* _Task statement_
Only the lines from the top of the material through the line containing "0 \<Longrightarrow> Im" should be restated, each one exactly.

• • • • •

lemma mem_Im_iff: "v \<in> Im p \<longleftrightarrow> (\<exists>w. v = T p w)"
  by (auto simp: Im_p_def)

lemma subspace_Ker: "subspace (Ker p)"
  using T.subspace_kernel by (simp add: Ker_p_def)

lemma subspace_Im: "subspace (Im p)"
  using T.subspace_image[OF subspace_UNIV] by (simp add: Im_p_def)

lemma Im_1 [simp]: "Im 1 = UNIV"
  by (simp add: Im_p_def)

lemma Im_mult: "Im (p * q) = T p ` Im q"
  by (auto simp: Im_p_def T_mult)

lemma Im_antimono: "p dvd q \<Longrightarrow> Im q \<subseteq> Im p"
  by (auto simp: Im_mult elim!: dvdE) (auto simp: Im_p_def)

lemma Ker_mono: "p dvd q \<Longrightarrow> Ker p \<subseteq> Ker q"
  by (auto simp: mem_Ker_iff T_mult elim!: dvdE) (metis T_commute T.zero)

lemma Im_smult: "a \<noteq> 0 \<Longrightarrow> Im (smult a p) = Im p"
  by (intro antisym Im_antimono) (simp_all add: dvd_smult_iff smult_dvd_iff)

lemma Ker_smult: "a \<noteq> 0 \<Longrightarrow> Ker (smult a p) = Ker p"
  by (intro antisym Ker_mono) (simp_all add: dvd_smult_iff smult_dvd_iff)

lemma T_bezout:
  assumes "s * p + t * q = 1"
  shows "v = T s (T p v) + T t (T q v)"
  using arg_cong[OF assms, of "\<lambda>r. T r v"] by (simp add: T_add T_mult)

lemma Ker_subset_Im_if_coprime:
  assumes "coprime p q"
  shows "Ker p \<subseteq> Im q"
proof
  fix v assume "v \<in> Ker p"
  obtain s t where "s * p + t * q = 1"
    using assms by (auto simp: coprime_iff_bezout)
  then have "v = T s (T p v) + T q (T t v)"
    using T_bezout T_commute[of t q v] by metis
  with \<open>v \<in> Ker p\<close> show "v \<in> Im q"
    by (auto simp: mem_Ker_iff mem_Im_iff)
qed

lemma Ker_inter_Ker_zero_if_coprime:
  assumes "coprime p q" "v \<in> Ker p" "v \<in> Ker q"
  shows "v = 0"
proof -
  obtain s t where "s * p + t * q = 1"
    using assms(1) by (auto simp: coprime_iff_bezout)
  then have "v = T s (T p v) + T t (T q v)"
    by (rule T_bezout)
  also have "\<dots> = 0"
    using assms(2,3) by (simp add: mem_Ker_iff)
  finally show ?thesis .
qed

lemma direct_sum2_Ker_mult:
  assumes "coprime p q"
  shows "direct_sum2 (Ker p) (Ker q) (Ker (p * q))"
proof -
  have "Ker (p * q) = {a + b | a b. a \<in> Ker p \<and> b \<in> Ker q}"
  proof (intro equalityI subsetI)
    fix v assume v: "v \<in> Ker (p * q)"
    obtain s t where "s * p + t * q = 1"
      using assms by (auto simp: coprime_iff_bezout)
    then have "v = T t (T q v) + T s (T p v)"
      by (simp add: T_bezout add.commute)
    moreover have "T p (T t (T q v)) = T t (T (p * q) v)" "T q (T s (T p v)) = T s (T (p * q) v)"
      by (simp_all add: T_mult T_commute[of t p] T_commute[of q s] T_commute[of q p])
    with v have "T t (T q v) \<in> Ker p" "T s (T p v) \<in> Ker q"
      by (simp_all add: mem_Ker_iff)
    ultimately show "v \<in> {a + b | a b. a \<in> Ker p \<and> b \<in> Ker q}"
      by blast
  next
    fix v assume "v \<in> {a + b | a b. a \<in> Ker p \<and> b \<in> Ker q}"
    then obtain a b where "a \<in> Ker p" "b \<in> Ker q" "v = a + b"
      by blast
    moreover have "a \<in> Ker (p * q)" "b \<in> Ker (p * q)"
      using Ker_mono[of p "p * q"] Ker_mono[of q "p * q"] \<open>a \<in> Ker p\<close> \<open>b \<in> Ker q\<close> by auto
    ultimately show "v \<in> Ker (p * q)"
      by (simp add: subspace_add[OF subspace_Ker])
  qed
  moreover have "a = 0 \<and> b = 0" if ab: "a \<in> Ker p" "b \<in> Ker q" "a + b = 0" for a b
  proof -
    from ab(3) have "a = - b"
      by (simp add: eq_neg_iff_add_eq_0)
    with ab(2) have "a \<in> Ker q"
      by (simp add: subspace_neg[OF subspace_Ker])
    with assms ab(1) have "a = 0"
      by (rule Ker_inter_Ker_zero_if_coprime)
    with ab(3) show ?thesis
      by simp
  qed
  ultimately show ?thesis
    unfolding direct_sum2_iff by blast
qed

lemma internal_direct_sum_Ker_prod:
  assumes "finite D" "pairwise (\<lambda>i j. coprime (p i) (p j)) D"
  shows "internal_direct_sum D (\<lambda>i. Ker (p i)) (Ker (\<Prod>i\<in>D. p i))"
  using assms
proof (induction D rule: finite_induct)
  case empty
  have "Ker 1 = {0}"
    by (auto simp: mem_Ker_iff)
  then show ?case
    by (simp add: internal_direct_sum_def)
next
  case (insert i D)
  then have "coprime (p i) (\<Prod>j\<in>D. p j)"
    by (intro coprime_prod_right) (auto simp: pairwise_def)
  with insert show ?case
    by (auto intro: internal_direct_sum_insert direct_sum2_Ker_mult pairwise_subset)
qed

lemma Im_inter_Ker_zero:
  assumes "Ker (p * p) = Ker p" "v \<in> Im p" "v \<in> Ker p"
  shows "v = 0"
proof -
  obtain w where w: "v = T p w"
    using assms(2) by (auto simp: mem_Im_iff)
  with assms(3) have "w \<in> Ker (p * p)"
    by (simp add: mem_Ker_iff T_mult)
  with assms(1) w show ?thesis
    by (simp add: mem_Ker_iff)
qed

lemma Im_plus_Ker:
  assumes "Im (p * p) = Im p"
  obtains a b where "a \<in> Im p" "b \<in> Ker p" "v = a + b"
proof -
  have "T p v \<in> Im (p * p)"
    using assms by (auto simp: mem_Im_iff)
  then obtain w where w: "T p v = T p (T p w)"
    by (auto simp: mem_Im_iff T_mult)
  have "T p w \<in> Im p" "v - T p w \<in> Ker p"
    using w by (auto simp: mem_Im_iff mem_Ker_iff T.diff)
  with that show ?thesis
    by force
qed

lemma direct_sum2_Im_Ker:
  assumes "Im (p * p) = Im p" "Ker (p * p) = Ker p"
  shows "direct_sum2 (Im p) (Ker p) UNIV"
proof -
  have "UNIV = {a + b | a b. a \<in> Im p \<and> b \<in> Ker p}"
    using Im_plus_Ker[OF assms(1)] by blast
  moreover have "a = 0 \<and> b = 0" if ab: "a \<in> Im p" "b \<in> Ker p" "a + b = 0" for a b
  proof -
    from ab(3) have "a = - b"
      by (simp add: eq_neg_iff_add_eq_0)
    with ab(2) have "a \<in> Ker p"
      by (simp add: subspace_neg[OF subspace_Ker])
    with assms(2) ab(1) have "a = 0"
      by (rule Im_inter_Ker_zero)
    with ab(3) show ?thesis
      by simp
  qed
  ultimately show ?thesis
    unfolding direct_sum2_iff by blast
qed

lemma direct_sum2_Im_mult_Ker:
  assumes "coprime p q" "Ker (p * p) = Ker p"
    and "Im ((p * q) * (p * q)) = Im (p * q)" "Ker ((p * q) * (p * q)) = Ker (p * q)"
  shows "direct_sum2 (Im (p * q)) (Ker q) (Im p)"
proof -
  have Im_pq: "Im (p * q) \<subseteq> Im p"
    by (rule Im_antimono) simp
  have Ker_q: "Ker q \<subseteq> Im p"
    using assms(1) by (simp add: Ker_subset_Im_if_coprime coprime_commute)
  have "Im p = {a + b | a b. a \<in> Im (p * q) \<and> b \<in> Ker q}"
  proof (intro equalityI subsetI)
    fix v assume v: "v \<in> Im p"
    obtain a k where a: "a \<in> Im (p * q)" and k: "k \<in> Ker (p * q)" and v_eq: "v = a + k"
      using Im_plus_Ker[OF assms(3)] by blast
    obtain k1 k2 where k1: "k1 \<in> Ker p" and k2: "k2 \<in> Ker q" and k_eq: "k = k1 + k2"
      using k direct_sum2_Ker_mult[OF assms(1)] by (auto simp: direct_sum2_iff)
    have "k1 = v - a - k2"
      by (simp add: v_eq k_eq)
    also have "\<dots> \<in> Im p"
      using v a k2 Im_pq Ker_q by (blast intro: subspace_diff[OF subspace_Im])
    finally have "k1 = 0"
      using Im_inter_Ker_zero[OF assms(2)] k1 by blast
    with v_eq k_eq a k2 show "v \<in> {a + b | a b. a \<in> Im (p * q) \<and> b \<in> Ker q}"
      by auto
  qed (use Im_pq Ker_q in \<open>auto intro: subspace_add[OF subspace_Im]\<close>)
  moreover have "a = 0 \<and> b = 0" if ab: "a \<in> Im (p * q)" "b \<in> Ker q" "a + b = 0" for a b
  proof -
    from ab(3) have "a = - b"
      by (simp add: eq_neg_iff_add_eq_0)
    with ab(2) have "a \<in> Ker q"
      by (simp add: subspace_neg[OF subspace_Ker])
    then have "a \<in> Ker (p * q)"
      using Ker_mono[of q "p * q"] by auto
    with assms(4) ab(1) have "a = 0"
      by (rule Im_inter_Ker_zero)
    with ab(3) show ?thesis
      by simp
  qed
  ultimately show ?thesis
    unfolding direct_sum2_iff by blast
qed

lemma Im_mult_absorb:
  assumes "Im (f ^ n) = Im (f ^ (n + 1))" "f ^ n dvd Y"
  shows "Im (Y * f) = Im Y"
proof -
  obtain Q where Y: "Y = f ^ n * Q"
    using assms(2) by (elim dvdE)
  have "Im (Y * f) = Im (Q * f ^ (n + 1))"
    by (simp add: Y mult_ac)
  also have "\<dots> = T Q ` Im (f ^ (n + 1))"
    by (rule Im_mult)
  also have "\<dots> = T Q ` Im (f ^ n)"
    using assms(1) by simp
  also have "\<dots> = Im Y"
    by (simp add: Y Im_mult mult.commute)
  finally show ?thesis .
qed

lemma Ker_mult_absorb:
  assumes "Ker (f ^ n) = Ker (f ^ (n + 1))" "f ^ n dvd Y"
  shows "Ker (Y * f) = Ker Y"
proof (intro antisym subsetI)
  obtain Q where Y: "Y = f ^ n * Q"
    using assms(2) by (elim dvdE)
  fix v assume "v \<in> Ker (Y * f)"
  moreover have "T (f ^ (n + 1)) (T Q v) = T (Y * f) v"
    by (simp add: Y T_mult[symmetric] mult_ac)
  ultimately have "T Q v \<in> Ker (f ^ n)"
    unfolding assms(1) by (simp add: mem_Ker_iff)
  then show "v \<in> Ker Y"
    by (simp add: Y mem_Ker_iff T_mult)
qed (use Ker_mono[of Y "Y * f"] in auto)

lemma Ker_power_stable_if_annihilated:
  assumes "\<And>v. T (f ^ n * q) v = 0" "coprime f q"
  shows "Ker (f ^ n) = Ker (f ^ (n + 1))"
proof (intro antisym subsetI)
  fix v assume v: "v \<in> Ker (f ^ (n + 1))"
  obtain s t where "s * f + t * q = 1"
    using assms(2) by (auto simp: coprime_iff_bezout)
  then have "f ^ n = f ^ n * (s * f + t * q)"
    by simp
  also have "\<dots> = s * f ^ (n + 1) + t * (f ^ n * q)"
    by (simp add: algebra_simps)
  finally have "T (f ^ n) v = T s (T (f ^ (n + 1)) v) + T t (T (f ^ n * q) v)"
    by (metis T_add T_mult)
  with v assms(1) show "v \<in> Ker (f ^ n)"
    by (simp add: mem_Ker_iff)
qed (use Ker_mono[of "f ^ n" "f ^ (n + 1)"] in auto)
fun edit_dist :: "('a option \<Rightarrow> 'a option \<Rightarrow> real) \<Rightarrow> 'a list \<Rightarrow> 'a list \<Rightarrow> real" where
  "edit_dist w A [] = (\<Sum>a\<leftarrow>A. w (Some a) None)"
| "edit_dist w [] B = (\<Sum>b\<leftarrow>B. w None (Some b))"
| "edit_dist w (a # A) (b # B) =
     min (w (Some a) None + edit_dist w A (b # B))
         (min (w None (Some b) + edit_dist w (a # A) B) (w (Some a) (Some b) + edit_dist w A B))"

lemma edit_dist_Nil_left [simp]: "edit_dist w [] B = (\<Sum>b\<leftarrow>B. w None (Some b))"
  by (cases B) auto

lemma edit_dist_induct [case_names Nil_right Nil_left Cons_Cons]:
  fixes P :: "'a list \<Rightarrow> 'a list \<Rightarrow> bool"
  assumes "\<And>A. P A []" and "\<And>b B. P [] (b # B)"
    and "\<And>a A b B. P A (b # B) \<Longrightarrow> P (a # A) B \<Longrightarrow> P A B \<Longrightarrow> P (a # A) (b # B)"
  shows "P A B"
  by (rule edit_dist.induct[of "\<lambda>_. P"]) (fact assms)+

fun opt_Cons :: "'a option \<Rightarrow> 'a list \<Rightarrow> 'a list" where
  "opt_Cons None xs = xs"
| "opt_Cons (Some x) xs = x # xs"

lemma length_opt_Cons [simp]: "length (opt_Cons u xs) = length xs + (if u = None then 0 else 1)"
  by (cases u) auto

lemma edit_dist_optimal_move:
  assumes "A \<noteq> [] \<or> B \<noteq> []"
  obtains u v A' B' where "(u, v) \<noteq> (None, None)" "A = opt_Cons u A'" "B = opt_Cons v B'"
    "edit_dist w A B = w u v + edit_dist w A' B'"
proof (cases A)
  case Nil
  with assms obtain b B' where "B = b # B'" by (cases B) auto
  with Nil show thesis using that[of None "Some b" A B'] by simp
next
  case (Cons a A')
  show thesis
  proof (cases B)
    case Nil
    with Cons show thesis using that[of "Some a" None A' B] by simp
  next
    case (Cons b B')
    let ?del = "w (Some a) None + edit_dist w A' B" and ?ins = "w None (Some b) + edit_dist w A B'"
      and ?sub = "w (Some a) (Some b) + edit_dist w A' B'"
    have "edit_dist w A B = min ?del (min ?ins ?sub)"
      using \<open>A = a # A'\<close> Cons by simp
    then consider "edit_dist w A B = ?del" | "edit_dist w A B = ?ins" | "edit_dist w A B = ?sub"
      by linarith
    then show thesis
      using that[of "Some a" None A' B] that[of None "Some b" A B'] that[of "Some a" "Some b" A' B']
        \<open>A = a # A'\<close> Cons by cases auto
  qed
qed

• • • • •

* _Exercise solution_
lemma mem_Im_iff: "v \<in> Im p \<longleftrightarrow> (\<exists>w. v = T p w)"
  by (auto simp: Im_p_def)

lemma subspace_Ker: "subspace (Ker p)"
  using T.subspace_kernel by (simp add: Ker_p_def)

lemma subspace_Im: "subspace (Im p)"
  using T.subspace_image[OF subspace_UNIV] by (simp add: Im_p_def)

lemma Im_1 [simp]: "Im 1 = UNIV"
  by (simp add: Im_p_def)

lemma Im_mult: "Im (p * q) = T p ` Im q"
  by (auto simp: Im_p_def T_mult)

lemma Im_antimono: "p dvd q \<Longrightarrow> Im q \<subseteq> Im p"
  by (auto simp: Im_mult elim!: dvdE) (auto simp: Im_p_def)

lemma Ker_mono: "p dvd q \<Longrightarrow> Ker p \<subseteq> Ker q"
  by (auto simp: mem_Ker_iff T_mult elim!: dvdE) (metis T_commute T.zero)

lemma Im_smult: "a \<noteq> 0 \<Longrightarrow> Im (smult a p) = Im p"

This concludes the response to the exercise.